Эх, Зоенька, как часто я вспоминаю маму. Она тоже видела Кирова, но никогда с ним не разговаривала. Мне она рассказывала о нем часто. Вот бы она обрадовалась, если бы узнала об этой моей встрече с ним.
А на трибуне, когда Киров ушел, у меня вдруг испортилось настроение. Зачем Игорь Константинович обманул его, сказал, что я дочка его друга? Ведь это неправда. И Киров сказал, что я хорошая. Какая же я хорошая? Он ничего не знает обо мне.
Вечером дома мы долго сидели за чаем. Игорь Константинович рассказывал о Кирове, — ему часто приходилось встречаться с ним по работе: Киров любит журналистов и принимает их всегда, даже если идет заседание. Скажет: «Статью ждут сто тысяч человек, а нас немного, мы можем потерпеть». Прочитает, сделает поправки и продолжает заседание.
Я легла спать, а уснуть не могла. Вспомнила весь день. Перед глазами цветы, знамена, автомобили с челюскинцами, Киров. Я страшно боялась, что что-нибудь забуду, и снова начинаю вспоминать. Так и заснула.

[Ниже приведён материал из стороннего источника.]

(* Let $V$ be a finite-dimensional vector space over $\mathbb{F}_q$. A metric $d$ on $V$ is a projective metric if and only if it is integral, (integrally) convex, scale-invariant and translation-invariant.
   Context: For a set $\mathcal{F}\subset V$ of pairwise linearly independent (in particular nonzero) vectors, the projective weight is $\operatorname{wt}_{\mathcal{F}}(x)=\min(\{|I|: I\subseteq\mathcal{F},\ x\in\langle I\rangle\}\cup\{\infty\})$ (with $\langle\emptyset\rangle=\{0\}$), and $d_{\mathcal{F}}(x,y)=\operatorname{wt}_{\mathcal{F}}(y-x)$; a metric is projective if it equals $d_{\mathcal{F}}$ for some such $\mathcal{F}$. A metric $d:V\times V\to\mathbb{R}\cup\{\infty\}$ is integral if it takes values in $\mathbb{N}\cup\{\infty\}$; scale-invariant if $d(\alpha x,\alpha y)=d(x,y)$ for all nonzero $\alpha\in\mathbb{F}_q$; translation-invariant if $d(x+z,y+z)=d(x,y)$. An integral metric is convex if for all $v_1,v_2$ with $d(v_1,v_2)<\infty$ and all $i\in\{0,\dots,d(v_1,v_2)\}$ there is $x\in V$ with $d(v_1,x)=i$ and $d(x,v_2)=d(v_1,v_2)-i$. *)

theory Defs
  imports Main "HOL-Library.Extended_Real"
begin

text \<open>A vector space V over a field is given by a scalar multiplication
  scale satisfying the library locale vector_space; V is the type 'v.\<close>

definition is_metric :: "('v \<Rightarrow> 'v \<Rightarrow> ereal) \<Rightarrow> bool" where
  "is_metric d \<longleftrightarrow>
     (\<forall>x y. 0 \<le> d x y) \<and>
     (\<forall>x y. d x y = 0 \<longleftrightarrow> x = y) \<and>
     (\<forall>x y. d x y = d y x) \<and>
     (\<forall>x y z. d x z \<le> d x y + d y z)"

definition pairwise_lin_indep :: "('a::field \<Rightarrow> 'v::ab_group_add \<Rightarrow> 'v) \<Rightarrow> 'v set \<Rightarrow> bool" where
  "pairwise_lin_indep scale F \<longleftrightarrow>
     (\<forall>u\<in>F. u \<noteq> 0) \<and>
     (\<forall>u\<in>F. \<forall>w\<in>F. u \<noteq> w \<longrightarrow> \<not> module.dependent scale {u, w})"

text \<open>Projective weight: min of card I over I subset of F with x in span I,
  together with infinity (Inf of the empty set of ereals is infinity).\<close>
definition proj_wt :: "('a::field \<Rightarrow> 'v::ab_group_add \<Rightarrow> 'v) \<Rightarrow> 'v set \<Rightarrow> 'v \<Rightarrow> ereal" where
  "proj_wt scale F x =
     Inf ((\<lambda>I. ereal (real (card I))) ` {I. I \<subseteq> F \<and> finite I \<and> x \<in> module.span scale I})"

definition proj_dist :: "('a::field \<Rightarrow> 'v::ab_group_add \<Rightarrow> 'v) \<Rightarrow> 'v set \<Rightarrow> 'v \<Rightarrow> 'v \<Rightarrow> ereal" where
  "proj_dist scale F x y = proj_wt scale F (y - x)"

definition projective_metric :: "('a::field \<Rightarrow> 'v::ab_group_add \<Rightarrow> 'v) \<Rightarrow> ('v \<Rightarrow> 'v \<Rightarrow> ereal) \<Rightarrow> bool" where
  "projective_metric scale d \<longleftrightarrow>
     (\<exists>F. pairwise_lin_indep scale F \<and> d = proj_dist scale F)"

definition integral_metric :: "('v \<Rightarrow> 'v \<Rightarrow> ereal) \<Rightarrow> bool" where
  "integral_metric d \<longleftrightarrow> (\<forall>x y. d x y = \<infinity> \<or> (\<exists>n::nat. d x y = ereal (real n)))"

definition scale_invariant :: "('a::field \<Rightarrow> 'v \<Rightarrow> 'v) \<Rightarrow> ('v \<Rightarrow> 'v \<Rightarrow> ereal) \<Rightarrow> bool" where
  "scale_invariant scale d \<longleftrightarrow> (\<forall>\<alpha> x y. \<alpha> \<noteq> 0 \<longrightarrow> d (scale \<alpha> x) (scale \<alpha> y) = d x y)"

definition translation_invariant :: "('v::plus \<Rightarrow> 'v \<Rightarrow> ereal) \<Rightarrow> bool" where
  "translation_invariant d \<longleftrightarrow> (\<forall>x y z. d (x + z) (y + z) = d x y)"

definition convex_metric :: "('v \<Rightarrow> 'v \<Rightarrow> ereal) \<Rightarrow> bool" where
  "convex_metric d \<longleftrightarrow>
     (\<forall>v1 v2 (n::nat). d v1 v2 = ereal (real n) \<longrightarrow>
        (\<forall>i\<le>n. \<exists>x. d v1 x = ereal (real i) \<and> d x v2 = ereal (real (n - i))))"

end

theory Submission
  imports Defs
begin

text \<open>A projective metric is translation and scale invariant because spans are, integral
  because the infimum defining the weight is attained, and convex because a minimal set I
  spanning y - x can be split into parts of sizes i and |I| - i, which splits y - x.
  Conversely, for an invariant metric d the weight x \<mapsto> d 0 x is subadditive, so
  d 0 x \<le> |I| whenever x lies in the span of a set I of unit vectors; and convexity peels
  off one unit step at a time, so a vector of weight n is spanned by n unit vectors. Hence
  d 0 is the projective weight of the unit sphere, and equally of any set of representatives
  of the lines through it, which is pairwise linearly independent.\<close>

lemma translation_invariant_dist_eq:
  fixes d :: "'v::ab_group_add \<Rightarrow> 'v \<Rightarrow> ereal"
  assumes "translation_invariant d"
  shows "d x y = d 0 (y - x)"
proof -
  have "d (x + - x) (y + - x) = d x y"
    using assms unfolding translation_invariant_def by blast
  then show ?thesis by simp
qed

lemma is_metric_dist_self: "is_metric d \<Longrightarrow> d x x = 0"
  unfolding is_metric_def by blast

lemma ereal_add_le_squeeze:
  fixes a b :: ereal and x y :: real
  assumes "0 \<le> a" "0 \<le> b" "a \<le> ereal x" "b \<le> ereal y" "ereal (x + y) \<le> a + b"
  shows "a = ereal x" "b = ereal y"
  using assms by (cases a; cases b; auto)+

context vector_space
begin

lemma proj_wt_le_card:
  "I \<subseteq> F \<Longrightarrow> finite I \<Longrightarrow> x \<in> span I \<Longrightarrow> proj_wt scale F x \<le> ereal (real (card I))"
  unfolding proj_wt_def by (rule Inf_lower) auto

lemma proj_wt_greatest:
  "(\<And>I. I \<subseteq> F \<Longrightarrow> finite I \<Longrightarrow> x \<in> span I \<Longrightarrow> a \<le> ereal (real (card I)))
    \<Longrightarrow> a \<le> proj_wt scale F x"
  unfolding proj_wt_def by (rule Inf_greatest) auto

lemma proj_wt_nonneg: "0 \<le> proj_wt scale F x"
  by (rule proj_wt_greatest) simp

Вот, милая Зойка, что иногда случается. Будет ли когда-нибудь еще такой праздник? Напиши, что ты думаешь по этому поводу. Целую.
Твоя Маринка.
Зоя Бакеева — Марине Гречановой
Оренбург, 11 июля 1934 года
Я, наверно, чувствовала, дорогая моя Маришка, что получу от тебя еще одно письмо, и потому не писала. А теперь отвечу сразу на два.
Я тебе так завидую, что ты встречала челюскинцев! Представить не можешь. Мы только в газетах читали о них. Больше всего папа. Он у нас «газетчик», как говорит мама. Придет с работы и давай читать, слова от него не добьешься!
Ты просто счастливая! Кирова я никогда близко не видела, не то что разговаривала с ним. Я его видела 7 ноября, когда мы вместе с тобой ходили на демонстрацию, помнишь?
Читала твое письмо, и захотелось в Ленинград. Все бы отдала, чтобы поехать! Папа сказал, что, может быть, мы поедем. Но он часто строит всякие планы, а они лопаются, и всё из-за его работы. Завод его прямо съедает.
С Петром я сейчас не разговариваю. Он вздумал целоваться. Нахал, правда? Тоже мне донжуан. А вообще он смешной. Говорит, что сохнет по мне и жить без меня не может. Это он романов, наверное, начитался. Разве можно в наше время сохнуть? Предрассудки.
Я ему сказала, чтобы больше таких вещей не было. Он обиделся. Но вчера приходил снова ко мне, а я с ним не разговаривала. Он посидел, посидел и ушел. Пусть мучается, их нельзя жалеть. Мама говорит, что мужчинами надо руководить.
Смешно, Маришка, на влюбленного Петра смотреть. Он делает все, что я захочу. А я специально придумываю всякие вещи.
Мама, конечно, знает о нашем романе. Я ей все рассказываю. Папе же мы ничего не говорим, но он догадывается. Но молчит, точно не его дело.
Петька очень хороший, только иногда зазнаётся. У него есть значок ворошиловского стрелка, и он думает, что лучше его никто не стреляет. Я всегда над ним смеюсь, когда он начинает говорить «я» да «я». Живет он в нашем доме, только другая парадная.
Мне он нравится, но я пока не подаю вида, что влюблена в него. А то совсем возомнит о себе.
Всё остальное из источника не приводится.